Flathead pet clinic draws fire from vet 

A volunteer group dedicated to lowering the number of unwanted cats and dogs killed each year has been called to Helena to answer a complaint filed against them by a veterinarian who participated in a spay/neuter event in the Flathead Valley last fall. The hearing before the Montana Board of Veterinary Medicine is scheduled for 9:45 a.m. Friday in Helena. It will be open to the public at the insistence of the Western Montana Spay/Neuter Task Force.

In the past three years the task force has conducted 31 free clinics, spaying and neutering more than 5,500 cats and dogs. Forty-five veterinarians from around the nation have participated in those clinics that have taken place in Montana communities, on six of the state’s seven Indian reservations and at the state hospital at Warm Springs.

Dr. Lesley Colby and her assistant participated in the first day of a two-day clinic held in Kalispell Sept. 11-12, 1999. Neither worked the second day. Colby filed a compliant on Sept. 16. She moved to Virginia on Sept. 30.

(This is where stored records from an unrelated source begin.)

definition assumption4 :: "nat \<Rightarrow> (nat \<Rightarrow> real \<Rightarrow> ereal) \<Rightarrow> (nat \<Rightarrow> nat \<Rightarrow> 'a::euclidean_space \<Rightarrow> real)
    \<Rightarrow> (nat \<Rightarrow> nat \<Rightarrow> 'a \<Rightarrow> real) \<Rightarrow> bool" where
  "assumption4 m Ph g h \<longleftrightarrow> (\<forall>k. level_bounded (\<lambda>x. \<Sum>p\<in>{1..m}. Ph p (fk g h k p x)))"

definition assumption5 :: "nat \<Rightarrow> (nat \<Rightarrow> real \<Rightarrow> ereal) \<Rightarrow> (nat \<Rightarrow> 'a::euclidean_space \<Rightarrow> real)
    \<Rightarrow> (nat \<Rightarrow> nat \<Rightarrow> 'a \<Rightarrow> real) \<Rightarrow> (nat \<Rightarrow> nat \<Rightarrow> 'a \<Rightarrow> real) \<Rightarrow> bool" where
  "assumption5 m Ph f g h \<longleftrightarrow> (\<forall>xb \<in> (\<Inter>p\<in>{1..m}. domF Ph f p).
     \<forall>(y::nat \<Rightarrow> real) (v::nat \<Rightarrow> 'a).
       (\<forall>p\<in>{1..m}. (y p, v p) \<in>
          ((\<Union>t\<in>Tset g h p xb. normal_cone {z. Ph p z < \<infinity>} t) \<times> (convex hull (subdiff_A g h p xb)))
          \<union> (UNIV \<times> (hsubdiff_A g h p xb - {0})))
       \<and> (\<Sum>p\<in>{1..m}. y p *\<^sub>R v p) = 0
       \<longrightarrow> (\<forall>p\<in>{1..m}. y p = 0))"

section \<open>The prox-ADC method\<close>

definition sigma :: "(nat \<Rightarrow> nat \<Rightarrow> real) \<Rightarrow> nat \<Rightarrow> nat \<Rightarrow> real" where
  "sigma \<alpha>h k p = (\<Sum>j. \<alpha>h p (j + k))"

According to Colby’s five-page complaint, controlled drugs were not secured properly during surgery, background checks were not required for volunteers working in the surgical area, untrained assistants worked with the animals, a veterinary assistant performed neuters on cats, sanitary conditions and equipment were not up to her standard, pet owners supervised their animals’ recoveries and children were allowed in every portion of the clinic.

But according to a rebuttal letter written by Charles Hansberry, attorney for the task force, everything in Colby’s complaint is exactly what the spay/neuter events try to accomplish. The events, he says, are part education, part awareness training, and part mobile MASH unit, performing high-volume surgeries in a short period of time.

“It is disappointing that Dr. Colby was so focused on finding aspects to criticize, that she missed the entire point of involving the community as a whole in the clinic,” Hansberry wrote in his letter to the board.

In the Kalispell clinic, 390 dogs and cats were spayed and neutered in two days. In comparison, a six-day clinic in November 1998 on the Flathead Indian Reservation resulted in 1,336 dogs and cats being spayed and neutered. From January 1998 to November, the reservation’s Animal Control Officer had to destroy more than 600 unwanted dogs. In the year since the task force clinic, he has only destroyed 26 dogs. In 1998, the Mission Valley animal shelter took in 6,037 animals. In 1999, they took in only 672.